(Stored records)
- - -

lemma kernel_factors_pos:
  fixes \<alpha> v r :: real
  assumes "0 < \<alpha>" "0 \<le> v" "v < r" "r < 1"
  shows "0 < 1 - r powr \<alpha>" and "0 < r powr \<alpha> - v powr \<alpha>"
  using assms powr_less_mono2[of \<alpha> r 1] powr_less_mono2[of \<alpha> v r] by auto

lemma continuous_on_kernel:
  assumes "0 < \<alpha>" "0 \<le> v" "v \<le> a" "b \<le> 1"
  shows "continuous_on {a<..<b} (kernel \<alpha> \<beta> v)"
proof -
  have "r \<noteq> 0 \<and> 1 - r powr \<alpha> \<noteq> 0 \<and> r powr \<alpha> - v powr \<alpha> \<noteq> 0" if "r \<in> {a<..<b}" for r
    using kernel_factors_pos[of \<alpha> v r] assms that by auto
  then show ?thesis
    unfolding kernel_def by (intro continuous_intros) auto
qed

lemma kernel_le_factorwise:
  assumes "0 < \<alpha>" "r powr (-\<beta>) \<le> A"
    and "0 < B" "B \<le> 1 - r powr \<alpha>" and "0 < C" "C \<le> r powr \<alpha> - v powr \<alpha>"
  shows "kernel \<alpha> \<beta> v r \<le> A * B powr (-1/\<alpha>) * C powr (-1/\<alpha>)"
proof -
  have "(1 - r powr \<alpha>) powr (-1/\<alpha>) \<le> B powr (-1/\<alpha>)"
    and "(r powr \<alpha> - v powr \<alpha>) powr (-1/\<alpha>) \<le> C powr (-1/\<alpha>)"
    using assms by (auto intro!: powr_mono2')
  moreover have "0 \<le> A"
    using order_trans[OF powr_ge_zero assms(2)] .
  ultimately show ?thesis
    unfolding kernel_def using assms(2) by (intro mult_mono) auto
qed

lemma kernel_ge_factorwise:
  assumes "0 < \<alpha>" "0 \<le> A" "A \<le> r powr (-\<beta>)"
    and "0 < 1 - r powr \<alpha>" "1 - r powr \<alpha> \<le> B"
    and "0 < r powr \<alpha> - v powr \<alpha>" "r powr \<alpha> - v powr \<alpha> \<le> C"
  shows "A * B powr (-1/\<alpha>) * C powr (-1/\<alpha>) \<le> kernel \<alpha> \<beta> v r"
proof -
  have "B powr (-1/\<alpha>) \<le> (1 - r powr \<alpha>) powr (-1/\<alpha>)"
    and "C powr (-1/\<alpha>) \<le> (r powr \<alpha> - v powr \<alpha>) powr (-1/\<alpha>)"
    using assms by (auto intro!: powr_mono2')
  then show ?thesis
    unfolding kernel_def using assms(2,3) by (intro mult_mono) auto
qed

lemma weight_eq:
  assumes "v < 1"
  shows "weight \<alpha> \<beta> v = v powr (-\<beta>) * ((1 - v) powr (- (1/\<alpha>)) * (1 - v) powr (1 - 1/\<alpha>))"
  unfolding weight_def by (simp add: powr_add[symmetric] diff_divide_distrib)

lemma kernel_le_on_v_2v:
  fixes \<alpha> \<beta> v r :: real
  assumes "1 < \<alpha>" "0 \<le> \<beta>" "0 < v" "v \<le> 1/4" "v < r" "r < 2 * v"
  defines "q \<equiv> 1/\<alpha>"
  shows "kernel \<alpha> \<beta> v r \<le> v powr (-\<beta>) * 2 powr q * v powr (q - 1) * (r - v) powr (-q)"
proof -
  have q: "-1/\<alpha> = -q" "(\<alpha> - 1) * -q = q - 1"
    using assms by (auto simp: q_def field_simps)
  have "v powr (\<alpha> - 1) * (r - v) \<le> r powr (\<alpha> - 1) * (r - v)"
    using assms by (intro mult_right_mono powr_mono2) auto
  also have "\<dots> \<le> r powr \<alpha> - v powr \<alpha>"
    using powr_sub_powr_ge[of \<alpha> v r] assms by simp
  finally have C: "v powr (\<alpha> - 1) * (r - v) \<le> r powr \<alpha> - v powr \<alpha>" .
  have B: "1/2 \<le> 1 - r powr \<alpha>"
    using powr_sub_powr_ge[of \<alpha> r 1] assms by simp
  have "kernel \<alpha> \<beta> v r \<le> v powr (-\<beta>) * (1/2) powr (-1/\<alpha>) * (v powr (\<alpha> - 1) * (r - v)) powr (-1/\<alpha>)"
    using assms B C by (intro kernel_le_factorwise powr_mono2') auto
  also have "\<dots> = v powr (-\<beta>) * 2 powr q * v powr (q - 1) * (r - v) powr (-q)"
    unfolding q(1) powr_mult powr_powr q(2) by (simp add: powr_divide divide_powr_uminus)
  finally show ?thesis .
qed

lemma kernel_le_on_2v_half:
  fixes \<alpha> \<beta> v r :: real
  assumes "1 < \<alpha>" "0 < v" "2 * v < r" "r < 1/2"
  defines "q \<equiv> 1/\<alpha>"
  shows "kernel \<alpha> \<beta> v r \<le> 2 powr q * 2 powr q * r powr (-\<beta> - 1)"
proof -
  have q: "-1/\<alpha> = -q" "\<alpha> * -q = -1"
    using assms by (auto simp: q_def field_simps)
  have "v powr \<alpha> \<le> (r/2) powr \<alpha>"
    using assms by (intro powr_mono2) auto
  also have "\<dots> = r powr \<alpha> * (1/2) powr \<alpha>"
    by (simp add: powr_divide)
  also have "\<dots> \<le> r powr \<alpha> * (1/2) powr 1"
    using assms by (intro mult_left_mono powr_mono') auto
  finally have C: "r powr \<alpha> / 2 \<le> r powr \<alpha> - v powr \<alpha>"
    by simp
  have B: "1/2 \<le> 1 - r powr \<alpha>"
    using powr_sub_powr_ge[of \<alpha> r 1] assms by simp
  have "kernel \<alpha> \<beta> v r \<le> r powr (-\<beta>) * (1/2) powr (-1/\<alpha>) * (r powr \<alpha> / 2) powr (-1/\<alpha>)"
    using assms B C by (intro kernel_le_factorwise) auto
  also have "\<dots> = 2 powr q * 2 powr q * r powr (-\<beta> - 1)"
    unfolding q(1) powr_divide powr_powr q(2) diff_conv_add_uminus powr_add
    by (simp add: divide_powr_uminus mult_ac)
  finally show ?thesis .
qed

lemma kernel_le_on_half_1:
  fixes \<alpha> \<beta> v r :: real
  assumes "1 < \<alpha>" "\<alpha> \<le> 2" "0 \<le> \<beta>" "0 < v" "v \<le> 1/4" "1/2 < r" "r < 1"
  defines "q \<equiv> 1/\<alpha>"
  shows "kernel \<alpha> \<beta> v r \<le> 2 powr \<beta> * 8 powr q * (1 - r) powr (-q)"
proof -
  have "r powr 1 \<le> r powr (\<alpha> - 1)"
    using assms by (intro powr_mono') auto
  then have "1/2 * (1/4) \<le> r powr (\<alpha> - 1) * (r - v)"
    using assms by (intro mult_mono) auto
  also have "\<dots> \<le> r powr \<alpha> - v powr \<alpha>"
    using powr_sub_powr_ge[of \<alpha> v r] assms by simp
  finally have C: "1/8 \<le> r powr \<alpha> - v powr \<alpha>"
    by simp
  have "kernel \<alpha> \<beta> v r \<le> (1/2) powr (-\<beta>) * (1 - r) powr (-1/\<alpha>) * (1/8) powr (-1/\<alpha>)"
    using assms C powr_sub_powr_ge[of \<alpha> r 1] by (intro kernel_le_factorwise powr_mono2') auto
  also have "\<dots> = 2 powr \<beta> * 8 powr q * (1 - r) powr (-q)"
    unfolding q_def by (simp add: powr_divide divide_powr_uminus)
  finally show ?thesis .
qed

- - -

> **WHAT IS REQUIRED**
Your task is to retype the records above exactly.

> **REPLY**
lemma kernel_factors_pos:
  fixes \<alpha> v r :: real
  assumes "0 < \<alpha>" "0 \<le> v" "v < r" "r < 1"
  shows "0 < 1 - r powr \<alpha>" and "0 < r powr \<alpha> - v powr \<alpha>"
  using assms powr_less_mono2[of \<alpha> r 1] powr_less_mono2[of \<alpha> v r] by auto

lemma continuous_on_kernel:
  assumes "0 < \<alpha>" "0 \<le> v" "v \<le> a" "b \<le> 1"
  shows "continuous_on {a<..<b} (kernel \<alpha> \<beta> v)"
proof -
  have "r \<noteq> 0 \<and> 1 - r powr \<alpha> \<noteq> 0 \<and> r powr \<alpha> - v powr \<alpha> \<noteq> 0" if "r \<in> {a<..<b}" for r
    using kernel_factors_pos[of \<alpha> v r] assms that by auto
  then show ?thesis
    unfolding kernel_def by (intro continuous_intros) auto
qed

lemma kernel_le_factorwise:
  assumes "0 < \<alpha>" "r powr (-\<beta>) \<le> A"
    and "0 < B" "B \<le> 1 - r powr \<alpha>" and "0 < C" "C \<le> r powr \<alpha> - v powr \<alpha>"
  shows "kernel \<alpha> \<beta> v r \<le> A * B powr (-1/\<alpha>) * C powr (-1/\<alpha>)"
proof -
  have "(1 - r powr \<alpha>) powr (-1/\<alpha>) \<le> B powr (-1/\<alpha>)"
    and "(r powr \<alpha> - v powr \<alpha>) powr (-1/\<alpha>) \<le> C powr (-1/\<alpha>)"
    using assms by (auto intro!: powr_mono2')
  moreover have "0 \<le> A"
    using order_trans[OF powr_ge_zero assms(2)] .
  ultimately show ?thesis
    unfolding kernel_def using assms(2) by (intro mult_mono) auto
qed

lemma kernel_ge_factorwise:
  assumes "0 < \<alpha>" "0 \<le> A" "A \<le> r powr (-\<beta>)"
    and "0 < 1 - r powr \<alpha>" "1 - r powr \<alpha> \<le> B"
    and "0 < r powr \<alpha> - v powr \<alpha>" "r powr \<alpha> - v powr \<alpha> \<le> C"
  shows "A * B powr (-1/\<alpha>) * C powr (-1/\<alpha>) \<le> kernel \<alpha> \<beta> v r"
proof -
  have "B powr (-1/\<alpha>) \<le> (1 - r powr \<alpha>) powr (-1/\<alpha>)"
    and "C powr (-1/\<alpha>) \<le> (r powr \<alpha> - v powr \<alpha>) powr (-1/\<alpha>)"
    using assms by (auto intro!: powr_mono2')
  then show ?thesis
    unfolding kernel_def using assms(2,3) by (intro mult_mono) auto
qed

lemma weight_eq:
  assumes "v < 1"
  shows "weight \<alpha> \<beta> v = v powr (-\<beta>) * ((1 - v) powr (- (1/\<alpha>)) * (1 - v) powr (1 - 1/\<alpha>))"
  unfolding weight_def by (simp add: powr_add[symmetric] diff_divide_distrib)

lemma kernel_le_on_v_2v:
  fixes \<alpha> \<beta> v r :: real
  assumes "1 < \<alpha>" "0 \<le> \<beta>" "0 < v" "v \<le> 1/4" "v < r" "r < 2 * v"
  defines "q \<equiv> 1/\<alpha>"
  shows "kernel \<alpha> \<beta> v r \<le> v powr (-\<beta>) * 2 powr q * v powr (q - 1) * (r - v) powr (-q)"
proof -
  have q: "-1/\<alpha> = -q" "(\<alpha> - 1) * -q = q - 1"
    using assms by (auto simp: q_def field_simps)
  have "v powr (\<alpha> - 1) * (r - v) \<le> r powr (\<alpha> - 1) * (r - v)"
    using assms by (intro mult_right_mono powr_mono2) auto
  also have "\<dots> \<le> r powr \<alpha> - v powr \<alpha>"
    using powr_sub_powr_ge[of \<alpha> v r] assms by simp
  finally have C: "v powr (\<alpha> - 1) * (r - v) \<le> r powr \<alpha> - v powr \<alpha>" .
  have B: "1/2 \<le> 1 - r powr \<alpha>"
    using powr_sub_powr_ge[of \<alpha> r 1] assms by simp
  have "kernel \<alpha> \<beta> v r \<le> v powr (-\<beta>) * (1/2) powr (-1/\<alpha>) * (v powr (\<alpha> - 1) * (r - v)) powr (-1/\<alpha>)"
    using assms B C by (intro kernel_le_factorwise powr_mono2') auto
  also have "\<dots> = v powr (-\<beta>) * 2 powr q * v powr (q - 1) * (r - v) powr (-q)"
    unfolding q(1) powr_mult powr_powr q(2) by (simp add: powr_divide divide_powr_uminus)
  finally show ?thesis .
qed

lemma kernel_le_on_2v_half:
  fixes \<alpha> \<beta> v r :: real
  assumes "1 < \<alpha>" "0 < v" "2 * v < r" "r < 1/2"
  defines "q \<equiv> 1/\<alpha>"
  shows "kernel \<alpha> \<beta> v r \<le> 2 powr q * 2 powr q * r powr (-\<beta> - 1)"
proof -
  have q: "-1/\<alpha> = -q" "\<alpha> * -q = -1"
    using assms by (auto simp: q_def field_simps)
  have "v powr \<alpha> \<le> (r/2) powr \<alpha>"
    using assms by (intro powr_mono2) auto
  also have "\<dots> = r powr \<alpha> * (1/2) powr \<alpha>"
    by (simp add: powr_divide)
  also have "\<dots> \<le> r powr \<alpha> * (1/2) powr 1"
    using assms by (intro mult_left_mono powr_mono') auto
  finally have C: "r powr \<alpha> / 2 \<le> r powr \<alpha> - v powr \<alpha>"
    by simp
  have B: "1/2 \<le> 1 - r powr \<alpha>"
    using powr_sub_powr_ge[of \<alpha> r 1] assms by simp
  have "kernel \<alpha> \<beta> v r \<le> r powr (-\<beta>) * (1/2) powr (-1/\<alpha>) * (r powr \<alpha> / 2) powr (-1/\<alpha>)"
    using assms B C by (intro kernel_le_factorwise) auto
  also have "\<dots> = 2 powr q * 2 powr q * r powr (-\<beta> - 1)"
    unfolding q(1) powr_divide powr_powr q(2) diff_conv_add_uminus powr_add
    by (simp add: divide_powr_uminus mult_ac)
  finally show ?thesis .
qed

lemma kernel_le_on_half_1:
  fixes \<alpha> \<beta> v r :: real
  assumes "1 < \<alpha>" "\<alpha> \<le> 2" "0 \<le> \<beta>" "0 < v" "v \<le> 1/4" "1/2 < r" "r < 1"
  defines "q \<equiv> 1/\<alpha>"
  shows "kernel \<alpha> \<beta> v r \<le> 2 powr \<beta> * 8 powr q * (1 - r) powr (-q)"
proof -
  have "r powr 1 \<le> r powr (\<alpha> - 1)"
    using assms by (intro powr_mono') auto
  then have "1/2 * (1/4) \<le> r powr (\<alpha> - 1) * (r - v)"
    using assms by (intro mult_mono) auto
  also have "\<dots> \<le> r powr \<alpha> - v powr \<alpha>"
    using powr_sub_powr_ge[of \<alpha> v r] assms by simp
  finally have C: "1/8 \<le> r powr \<alpha> - v powr \<alpha>"
    by simp
  have "kernel \<alpha> \<beta> v r \<le> (1/2) powr (-\<beta>) * (1 - r) powr (-1/\<alpha>) * (1/8) powr (-1/\<alpha>)"
    using assms C powr_sub_powr_ge[of \<alpha> r 1] by (intro kernel_le_factorwise powr_mono2') auto
  also have "\<dots> = 2 powr \<beta> * 8 powr q * (1 - r) powr (-q)"
    unfolding q_def by (simp add: powr_divide divide_powr_uminus)
  finally show ?thesis .
qed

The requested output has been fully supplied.